> **Available records**:
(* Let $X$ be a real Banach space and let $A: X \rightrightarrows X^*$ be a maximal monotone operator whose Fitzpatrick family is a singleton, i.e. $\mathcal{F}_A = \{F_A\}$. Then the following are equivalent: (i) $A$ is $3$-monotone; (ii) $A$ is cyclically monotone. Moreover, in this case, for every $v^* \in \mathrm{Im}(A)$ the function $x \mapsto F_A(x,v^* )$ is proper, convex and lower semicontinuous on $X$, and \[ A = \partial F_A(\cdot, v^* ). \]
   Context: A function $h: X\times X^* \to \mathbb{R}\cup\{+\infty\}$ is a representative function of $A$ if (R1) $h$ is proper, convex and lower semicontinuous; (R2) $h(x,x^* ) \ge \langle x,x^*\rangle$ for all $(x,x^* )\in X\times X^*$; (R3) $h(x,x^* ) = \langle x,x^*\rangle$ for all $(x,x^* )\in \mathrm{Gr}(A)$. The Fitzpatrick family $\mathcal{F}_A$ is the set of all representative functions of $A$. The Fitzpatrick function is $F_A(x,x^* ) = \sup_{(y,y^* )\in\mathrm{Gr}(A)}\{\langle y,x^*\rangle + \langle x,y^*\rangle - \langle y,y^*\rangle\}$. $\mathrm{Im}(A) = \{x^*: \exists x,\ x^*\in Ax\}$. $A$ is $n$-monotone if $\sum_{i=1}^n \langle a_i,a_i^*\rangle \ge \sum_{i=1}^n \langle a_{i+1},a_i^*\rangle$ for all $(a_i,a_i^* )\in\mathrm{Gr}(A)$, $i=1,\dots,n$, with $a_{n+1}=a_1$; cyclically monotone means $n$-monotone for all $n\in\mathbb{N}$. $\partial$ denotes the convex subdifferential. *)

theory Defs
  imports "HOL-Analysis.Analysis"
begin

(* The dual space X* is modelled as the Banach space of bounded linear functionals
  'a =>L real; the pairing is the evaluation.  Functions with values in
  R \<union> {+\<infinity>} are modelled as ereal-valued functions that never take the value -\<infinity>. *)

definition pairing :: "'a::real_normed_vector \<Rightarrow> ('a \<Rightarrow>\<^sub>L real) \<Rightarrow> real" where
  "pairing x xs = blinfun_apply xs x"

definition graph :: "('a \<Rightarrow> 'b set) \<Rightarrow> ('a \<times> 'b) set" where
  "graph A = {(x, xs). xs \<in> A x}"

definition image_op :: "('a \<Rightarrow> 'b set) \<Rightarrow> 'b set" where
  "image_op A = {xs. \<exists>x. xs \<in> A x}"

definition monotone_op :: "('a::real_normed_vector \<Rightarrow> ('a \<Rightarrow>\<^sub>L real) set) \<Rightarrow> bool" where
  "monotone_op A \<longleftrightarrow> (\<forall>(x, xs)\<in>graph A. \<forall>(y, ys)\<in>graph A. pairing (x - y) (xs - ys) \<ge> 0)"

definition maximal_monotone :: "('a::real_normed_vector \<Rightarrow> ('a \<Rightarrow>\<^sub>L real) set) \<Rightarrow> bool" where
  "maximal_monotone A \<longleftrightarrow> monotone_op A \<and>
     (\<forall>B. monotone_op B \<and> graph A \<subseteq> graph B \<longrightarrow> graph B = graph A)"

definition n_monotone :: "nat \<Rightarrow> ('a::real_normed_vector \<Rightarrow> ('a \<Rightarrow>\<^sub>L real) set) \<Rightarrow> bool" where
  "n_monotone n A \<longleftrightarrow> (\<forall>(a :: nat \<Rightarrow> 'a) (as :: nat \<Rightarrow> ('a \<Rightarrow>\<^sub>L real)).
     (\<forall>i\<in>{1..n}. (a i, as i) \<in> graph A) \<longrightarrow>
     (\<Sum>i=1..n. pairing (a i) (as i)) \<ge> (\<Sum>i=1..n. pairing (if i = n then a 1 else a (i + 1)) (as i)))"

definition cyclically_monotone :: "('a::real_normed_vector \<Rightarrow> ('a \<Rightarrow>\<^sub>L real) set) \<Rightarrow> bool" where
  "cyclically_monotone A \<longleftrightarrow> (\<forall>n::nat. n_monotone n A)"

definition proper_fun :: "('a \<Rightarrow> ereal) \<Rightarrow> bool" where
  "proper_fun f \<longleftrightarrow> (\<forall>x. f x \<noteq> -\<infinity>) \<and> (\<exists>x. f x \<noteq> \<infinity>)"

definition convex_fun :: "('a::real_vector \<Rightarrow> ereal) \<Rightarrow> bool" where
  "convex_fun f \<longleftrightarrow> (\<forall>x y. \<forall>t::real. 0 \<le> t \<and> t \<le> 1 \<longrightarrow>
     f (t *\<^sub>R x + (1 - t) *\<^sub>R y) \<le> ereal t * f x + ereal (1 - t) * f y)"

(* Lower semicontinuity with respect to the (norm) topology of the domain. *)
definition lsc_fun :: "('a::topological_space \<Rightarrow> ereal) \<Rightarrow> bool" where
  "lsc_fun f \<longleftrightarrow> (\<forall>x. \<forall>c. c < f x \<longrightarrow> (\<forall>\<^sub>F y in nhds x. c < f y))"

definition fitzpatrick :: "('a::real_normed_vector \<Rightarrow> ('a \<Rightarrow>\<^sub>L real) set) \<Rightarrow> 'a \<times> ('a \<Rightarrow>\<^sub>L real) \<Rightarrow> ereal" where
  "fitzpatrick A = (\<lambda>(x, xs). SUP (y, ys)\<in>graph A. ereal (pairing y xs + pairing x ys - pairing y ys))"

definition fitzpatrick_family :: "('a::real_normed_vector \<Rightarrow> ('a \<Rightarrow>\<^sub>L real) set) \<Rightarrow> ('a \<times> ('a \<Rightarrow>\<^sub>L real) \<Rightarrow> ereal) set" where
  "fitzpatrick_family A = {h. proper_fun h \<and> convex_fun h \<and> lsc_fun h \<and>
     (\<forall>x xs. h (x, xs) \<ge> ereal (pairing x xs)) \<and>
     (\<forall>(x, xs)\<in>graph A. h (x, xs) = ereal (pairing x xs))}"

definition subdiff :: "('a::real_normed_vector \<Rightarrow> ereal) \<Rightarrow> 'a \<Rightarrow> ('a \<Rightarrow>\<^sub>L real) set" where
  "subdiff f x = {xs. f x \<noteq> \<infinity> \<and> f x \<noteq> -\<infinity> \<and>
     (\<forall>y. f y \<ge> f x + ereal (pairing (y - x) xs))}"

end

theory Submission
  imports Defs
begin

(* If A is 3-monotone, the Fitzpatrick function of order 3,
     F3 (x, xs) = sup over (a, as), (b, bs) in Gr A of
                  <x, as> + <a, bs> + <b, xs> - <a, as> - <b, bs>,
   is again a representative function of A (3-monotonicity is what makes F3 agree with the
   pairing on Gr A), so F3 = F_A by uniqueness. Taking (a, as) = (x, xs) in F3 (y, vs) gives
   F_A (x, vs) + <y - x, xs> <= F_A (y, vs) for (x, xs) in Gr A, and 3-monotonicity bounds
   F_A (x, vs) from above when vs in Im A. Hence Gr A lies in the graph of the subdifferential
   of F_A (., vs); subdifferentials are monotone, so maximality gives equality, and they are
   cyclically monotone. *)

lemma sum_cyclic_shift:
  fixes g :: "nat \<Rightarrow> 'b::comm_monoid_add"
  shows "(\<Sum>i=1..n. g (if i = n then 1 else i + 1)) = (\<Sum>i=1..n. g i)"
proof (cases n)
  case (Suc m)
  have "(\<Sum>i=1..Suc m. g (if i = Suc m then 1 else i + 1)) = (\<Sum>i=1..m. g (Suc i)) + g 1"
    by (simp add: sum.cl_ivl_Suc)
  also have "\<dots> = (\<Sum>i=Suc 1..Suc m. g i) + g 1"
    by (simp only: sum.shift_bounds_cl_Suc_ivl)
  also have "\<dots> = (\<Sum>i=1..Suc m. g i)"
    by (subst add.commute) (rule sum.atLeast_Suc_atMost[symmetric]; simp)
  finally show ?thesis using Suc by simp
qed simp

* * *

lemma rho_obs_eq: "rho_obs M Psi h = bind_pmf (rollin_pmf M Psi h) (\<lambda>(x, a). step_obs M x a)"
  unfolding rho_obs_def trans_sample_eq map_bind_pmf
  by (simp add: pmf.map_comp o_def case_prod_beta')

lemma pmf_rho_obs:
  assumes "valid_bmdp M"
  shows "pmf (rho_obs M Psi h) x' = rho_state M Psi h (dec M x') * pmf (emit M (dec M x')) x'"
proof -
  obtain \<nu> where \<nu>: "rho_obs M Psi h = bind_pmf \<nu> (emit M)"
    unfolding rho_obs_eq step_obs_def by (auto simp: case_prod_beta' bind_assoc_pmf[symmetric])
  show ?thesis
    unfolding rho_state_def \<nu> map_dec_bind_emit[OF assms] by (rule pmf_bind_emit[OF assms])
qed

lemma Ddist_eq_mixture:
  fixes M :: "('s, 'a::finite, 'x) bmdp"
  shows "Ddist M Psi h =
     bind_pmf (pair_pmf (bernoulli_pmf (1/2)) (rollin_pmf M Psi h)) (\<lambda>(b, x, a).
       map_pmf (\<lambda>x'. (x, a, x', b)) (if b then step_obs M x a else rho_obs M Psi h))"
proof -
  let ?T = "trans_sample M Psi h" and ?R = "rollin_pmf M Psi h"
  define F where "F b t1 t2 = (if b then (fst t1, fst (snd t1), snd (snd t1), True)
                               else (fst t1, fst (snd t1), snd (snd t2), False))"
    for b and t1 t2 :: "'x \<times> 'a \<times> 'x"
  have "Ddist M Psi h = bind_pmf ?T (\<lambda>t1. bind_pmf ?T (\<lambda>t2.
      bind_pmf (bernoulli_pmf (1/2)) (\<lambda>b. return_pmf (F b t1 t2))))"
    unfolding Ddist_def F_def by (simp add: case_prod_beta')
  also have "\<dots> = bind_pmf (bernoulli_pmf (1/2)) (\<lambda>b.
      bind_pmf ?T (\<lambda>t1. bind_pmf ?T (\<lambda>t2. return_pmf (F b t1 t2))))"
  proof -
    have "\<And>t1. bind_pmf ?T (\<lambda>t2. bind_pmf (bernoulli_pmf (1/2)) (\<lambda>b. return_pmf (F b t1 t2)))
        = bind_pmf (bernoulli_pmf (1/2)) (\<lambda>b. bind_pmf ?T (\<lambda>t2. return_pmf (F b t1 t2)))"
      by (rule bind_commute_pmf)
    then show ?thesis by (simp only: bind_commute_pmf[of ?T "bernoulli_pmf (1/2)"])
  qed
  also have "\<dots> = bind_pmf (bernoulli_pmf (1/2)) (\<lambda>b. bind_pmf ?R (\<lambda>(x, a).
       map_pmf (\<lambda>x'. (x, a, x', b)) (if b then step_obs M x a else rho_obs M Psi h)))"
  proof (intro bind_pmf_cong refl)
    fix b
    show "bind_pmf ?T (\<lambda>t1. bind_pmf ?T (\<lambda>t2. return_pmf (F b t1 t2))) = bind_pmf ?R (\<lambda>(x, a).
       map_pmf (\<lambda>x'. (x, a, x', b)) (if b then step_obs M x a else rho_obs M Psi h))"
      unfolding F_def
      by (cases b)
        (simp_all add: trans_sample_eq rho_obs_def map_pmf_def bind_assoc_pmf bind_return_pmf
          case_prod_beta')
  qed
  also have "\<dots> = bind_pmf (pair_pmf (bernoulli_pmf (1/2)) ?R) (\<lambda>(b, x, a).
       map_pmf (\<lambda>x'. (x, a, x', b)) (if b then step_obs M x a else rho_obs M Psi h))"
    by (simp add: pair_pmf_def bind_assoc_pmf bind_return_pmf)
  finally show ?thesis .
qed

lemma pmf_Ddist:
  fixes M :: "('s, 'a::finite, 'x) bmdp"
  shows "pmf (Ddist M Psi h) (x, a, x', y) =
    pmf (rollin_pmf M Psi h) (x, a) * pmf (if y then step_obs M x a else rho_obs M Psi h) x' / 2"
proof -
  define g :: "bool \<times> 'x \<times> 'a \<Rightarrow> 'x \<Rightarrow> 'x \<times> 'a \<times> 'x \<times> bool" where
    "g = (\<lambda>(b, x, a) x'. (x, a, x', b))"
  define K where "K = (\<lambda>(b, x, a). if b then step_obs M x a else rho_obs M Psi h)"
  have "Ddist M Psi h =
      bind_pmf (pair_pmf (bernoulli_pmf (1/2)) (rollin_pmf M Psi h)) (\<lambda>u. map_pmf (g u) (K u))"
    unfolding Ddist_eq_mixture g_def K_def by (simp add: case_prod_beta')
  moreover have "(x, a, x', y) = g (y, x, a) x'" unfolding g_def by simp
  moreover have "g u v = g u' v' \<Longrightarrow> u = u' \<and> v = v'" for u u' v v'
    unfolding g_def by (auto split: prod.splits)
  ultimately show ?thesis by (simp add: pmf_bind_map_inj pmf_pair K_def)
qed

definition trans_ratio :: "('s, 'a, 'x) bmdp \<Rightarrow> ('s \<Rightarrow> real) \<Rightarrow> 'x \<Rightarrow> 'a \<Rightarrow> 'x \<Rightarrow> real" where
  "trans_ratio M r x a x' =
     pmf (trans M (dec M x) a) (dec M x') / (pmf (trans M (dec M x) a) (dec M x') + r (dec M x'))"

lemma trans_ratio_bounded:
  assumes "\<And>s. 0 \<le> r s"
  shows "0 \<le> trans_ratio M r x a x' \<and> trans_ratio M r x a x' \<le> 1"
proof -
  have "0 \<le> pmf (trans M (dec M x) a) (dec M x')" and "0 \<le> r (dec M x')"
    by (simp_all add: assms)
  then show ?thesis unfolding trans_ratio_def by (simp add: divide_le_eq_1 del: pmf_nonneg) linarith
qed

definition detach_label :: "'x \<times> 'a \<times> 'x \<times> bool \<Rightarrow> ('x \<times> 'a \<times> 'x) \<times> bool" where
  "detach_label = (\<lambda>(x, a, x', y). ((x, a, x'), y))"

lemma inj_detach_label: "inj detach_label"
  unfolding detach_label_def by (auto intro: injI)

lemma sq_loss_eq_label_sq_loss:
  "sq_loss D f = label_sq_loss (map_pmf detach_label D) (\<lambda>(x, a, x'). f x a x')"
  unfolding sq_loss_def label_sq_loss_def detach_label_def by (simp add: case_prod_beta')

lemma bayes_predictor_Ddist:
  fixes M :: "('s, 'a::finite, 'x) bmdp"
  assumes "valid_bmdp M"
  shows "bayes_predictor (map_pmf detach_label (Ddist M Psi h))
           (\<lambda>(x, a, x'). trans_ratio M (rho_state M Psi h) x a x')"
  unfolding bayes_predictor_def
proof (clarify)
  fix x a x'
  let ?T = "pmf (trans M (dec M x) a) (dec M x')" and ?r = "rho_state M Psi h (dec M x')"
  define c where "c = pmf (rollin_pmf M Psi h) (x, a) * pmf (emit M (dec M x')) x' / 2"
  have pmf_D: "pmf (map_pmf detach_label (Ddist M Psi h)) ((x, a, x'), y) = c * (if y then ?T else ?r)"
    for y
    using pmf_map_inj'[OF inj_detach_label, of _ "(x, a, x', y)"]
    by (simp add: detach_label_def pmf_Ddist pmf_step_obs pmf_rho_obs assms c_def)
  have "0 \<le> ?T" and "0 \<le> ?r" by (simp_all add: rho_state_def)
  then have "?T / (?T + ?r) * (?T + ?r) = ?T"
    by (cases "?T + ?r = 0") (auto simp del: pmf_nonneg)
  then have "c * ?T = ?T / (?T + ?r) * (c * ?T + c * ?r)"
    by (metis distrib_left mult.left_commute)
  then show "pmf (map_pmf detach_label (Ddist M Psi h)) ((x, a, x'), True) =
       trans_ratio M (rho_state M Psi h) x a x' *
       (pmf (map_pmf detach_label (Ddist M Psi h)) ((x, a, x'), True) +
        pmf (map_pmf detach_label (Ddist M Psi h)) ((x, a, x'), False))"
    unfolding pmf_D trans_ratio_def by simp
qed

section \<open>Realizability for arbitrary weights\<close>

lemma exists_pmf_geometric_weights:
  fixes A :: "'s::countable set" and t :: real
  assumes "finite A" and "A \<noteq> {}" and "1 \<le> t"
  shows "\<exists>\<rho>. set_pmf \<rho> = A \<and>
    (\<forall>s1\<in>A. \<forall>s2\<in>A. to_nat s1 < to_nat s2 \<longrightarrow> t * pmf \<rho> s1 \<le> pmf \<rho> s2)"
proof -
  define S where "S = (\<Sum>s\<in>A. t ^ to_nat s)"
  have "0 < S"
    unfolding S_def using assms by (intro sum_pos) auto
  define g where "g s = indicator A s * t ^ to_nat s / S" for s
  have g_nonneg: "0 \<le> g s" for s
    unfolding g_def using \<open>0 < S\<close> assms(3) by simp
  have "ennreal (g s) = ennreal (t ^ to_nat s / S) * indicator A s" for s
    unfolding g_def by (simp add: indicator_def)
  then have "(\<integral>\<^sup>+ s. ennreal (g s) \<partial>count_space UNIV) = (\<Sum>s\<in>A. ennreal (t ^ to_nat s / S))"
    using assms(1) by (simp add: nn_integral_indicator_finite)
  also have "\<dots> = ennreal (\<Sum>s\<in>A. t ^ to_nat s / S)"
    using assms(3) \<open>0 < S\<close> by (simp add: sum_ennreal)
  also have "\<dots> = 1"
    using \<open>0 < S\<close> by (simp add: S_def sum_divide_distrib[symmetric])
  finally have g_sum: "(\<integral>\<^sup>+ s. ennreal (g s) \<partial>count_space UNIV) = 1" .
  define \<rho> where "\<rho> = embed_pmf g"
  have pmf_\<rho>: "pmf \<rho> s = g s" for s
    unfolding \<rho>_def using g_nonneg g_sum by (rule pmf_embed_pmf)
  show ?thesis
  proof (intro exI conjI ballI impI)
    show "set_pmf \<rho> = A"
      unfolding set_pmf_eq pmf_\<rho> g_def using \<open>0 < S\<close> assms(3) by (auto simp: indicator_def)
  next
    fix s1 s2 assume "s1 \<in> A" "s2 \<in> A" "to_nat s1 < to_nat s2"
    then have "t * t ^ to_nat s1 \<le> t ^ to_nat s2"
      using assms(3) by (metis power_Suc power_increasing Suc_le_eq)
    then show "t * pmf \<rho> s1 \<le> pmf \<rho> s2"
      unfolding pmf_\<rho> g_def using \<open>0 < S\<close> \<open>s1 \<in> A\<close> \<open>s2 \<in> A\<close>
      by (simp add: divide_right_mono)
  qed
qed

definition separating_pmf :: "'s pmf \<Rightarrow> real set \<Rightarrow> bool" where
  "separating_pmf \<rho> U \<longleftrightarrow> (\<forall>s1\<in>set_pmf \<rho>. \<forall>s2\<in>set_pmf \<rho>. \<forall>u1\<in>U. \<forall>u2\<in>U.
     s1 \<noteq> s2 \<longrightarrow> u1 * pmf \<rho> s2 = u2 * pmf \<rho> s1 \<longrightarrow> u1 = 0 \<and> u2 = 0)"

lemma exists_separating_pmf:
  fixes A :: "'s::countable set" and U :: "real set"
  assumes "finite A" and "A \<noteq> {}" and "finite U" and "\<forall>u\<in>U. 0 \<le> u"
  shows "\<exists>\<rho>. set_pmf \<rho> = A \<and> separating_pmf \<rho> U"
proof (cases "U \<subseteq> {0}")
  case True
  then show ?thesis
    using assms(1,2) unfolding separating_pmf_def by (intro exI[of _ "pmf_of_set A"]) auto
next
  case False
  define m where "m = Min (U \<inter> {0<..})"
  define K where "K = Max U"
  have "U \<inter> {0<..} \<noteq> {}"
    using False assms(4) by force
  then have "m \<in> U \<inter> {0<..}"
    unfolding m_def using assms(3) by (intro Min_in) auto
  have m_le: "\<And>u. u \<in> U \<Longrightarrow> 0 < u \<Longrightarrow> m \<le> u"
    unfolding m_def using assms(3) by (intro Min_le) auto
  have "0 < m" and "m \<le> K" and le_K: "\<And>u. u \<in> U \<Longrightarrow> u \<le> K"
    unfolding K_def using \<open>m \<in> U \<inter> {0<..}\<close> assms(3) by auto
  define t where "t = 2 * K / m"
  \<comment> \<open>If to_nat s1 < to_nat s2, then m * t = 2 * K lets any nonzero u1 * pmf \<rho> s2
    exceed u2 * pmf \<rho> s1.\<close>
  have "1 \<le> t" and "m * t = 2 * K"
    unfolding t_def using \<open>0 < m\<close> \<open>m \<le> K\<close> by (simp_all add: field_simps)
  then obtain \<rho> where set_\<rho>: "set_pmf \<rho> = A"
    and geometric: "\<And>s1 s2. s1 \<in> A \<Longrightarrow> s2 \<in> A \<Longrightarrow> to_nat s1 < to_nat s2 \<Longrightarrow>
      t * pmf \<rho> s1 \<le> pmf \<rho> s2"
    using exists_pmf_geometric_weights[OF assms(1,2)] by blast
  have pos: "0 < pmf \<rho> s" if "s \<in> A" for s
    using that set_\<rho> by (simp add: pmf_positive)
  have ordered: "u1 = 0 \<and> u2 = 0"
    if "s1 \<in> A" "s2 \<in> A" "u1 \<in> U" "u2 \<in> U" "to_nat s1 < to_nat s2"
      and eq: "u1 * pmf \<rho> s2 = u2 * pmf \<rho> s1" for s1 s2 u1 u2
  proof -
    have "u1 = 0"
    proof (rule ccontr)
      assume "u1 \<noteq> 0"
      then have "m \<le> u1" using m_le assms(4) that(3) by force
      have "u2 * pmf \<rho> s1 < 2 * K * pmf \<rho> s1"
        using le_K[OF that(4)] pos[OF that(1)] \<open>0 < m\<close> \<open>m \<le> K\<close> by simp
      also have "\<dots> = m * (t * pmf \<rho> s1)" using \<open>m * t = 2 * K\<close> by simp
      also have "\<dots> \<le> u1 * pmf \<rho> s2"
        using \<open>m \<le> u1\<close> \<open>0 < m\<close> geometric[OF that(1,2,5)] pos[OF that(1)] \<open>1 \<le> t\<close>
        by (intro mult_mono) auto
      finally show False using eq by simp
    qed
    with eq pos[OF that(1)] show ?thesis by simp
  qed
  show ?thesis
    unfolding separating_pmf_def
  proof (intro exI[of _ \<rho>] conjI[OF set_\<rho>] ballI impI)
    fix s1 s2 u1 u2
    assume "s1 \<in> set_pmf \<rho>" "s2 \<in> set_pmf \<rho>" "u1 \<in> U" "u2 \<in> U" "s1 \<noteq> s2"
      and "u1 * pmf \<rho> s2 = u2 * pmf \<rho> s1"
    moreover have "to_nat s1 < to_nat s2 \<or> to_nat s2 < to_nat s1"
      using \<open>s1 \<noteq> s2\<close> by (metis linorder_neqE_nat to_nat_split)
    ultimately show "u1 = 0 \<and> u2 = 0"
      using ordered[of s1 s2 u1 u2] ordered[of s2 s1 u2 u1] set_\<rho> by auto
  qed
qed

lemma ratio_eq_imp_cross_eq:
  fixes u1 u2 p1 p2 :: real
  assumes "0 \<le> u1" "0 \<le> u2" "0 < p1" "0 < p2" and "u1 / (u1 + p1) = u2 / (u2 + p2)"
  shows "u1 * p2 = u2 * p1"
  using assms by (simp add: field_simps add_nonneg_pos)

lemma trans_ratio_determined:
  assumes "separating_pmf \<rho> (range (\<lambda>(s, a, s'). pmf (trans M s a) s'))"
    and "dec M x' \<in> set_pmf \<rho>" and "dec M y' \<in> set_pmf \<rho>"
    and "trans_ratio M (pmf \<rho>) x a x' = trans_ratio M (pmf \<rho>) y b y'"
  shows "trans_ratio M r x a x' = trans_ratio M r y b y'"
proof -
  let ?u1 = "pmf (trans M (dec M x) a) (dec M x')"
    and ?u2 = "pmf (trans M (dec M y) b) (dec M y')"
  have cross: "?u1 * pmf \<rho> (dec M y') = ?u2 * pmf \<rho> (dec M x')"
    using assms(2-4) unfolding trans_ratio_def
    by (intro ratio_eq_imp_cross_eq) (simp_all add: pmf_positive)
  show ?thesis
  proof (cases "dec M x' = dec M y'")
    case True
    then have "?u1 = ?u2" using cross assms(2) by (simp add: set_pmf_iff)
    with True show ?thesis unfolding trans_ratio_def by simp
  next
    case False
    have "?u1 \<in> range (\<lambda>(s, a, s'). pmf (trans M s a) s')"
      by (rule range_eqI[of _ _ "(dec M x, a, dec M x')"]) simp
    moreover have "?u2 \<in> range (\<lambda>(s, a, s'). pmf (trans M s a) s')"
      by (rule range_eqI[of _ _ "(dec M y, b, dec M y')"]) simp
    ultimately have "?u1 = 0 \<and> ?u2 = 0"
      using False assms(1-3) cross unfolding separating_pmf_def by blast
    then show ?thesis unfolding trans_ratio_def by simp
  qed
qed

> **Aim of the exercise**:
What is the number of lines in the entries above that hold the string "subseteq"? Please state that number alone.

> **Answer section**:
2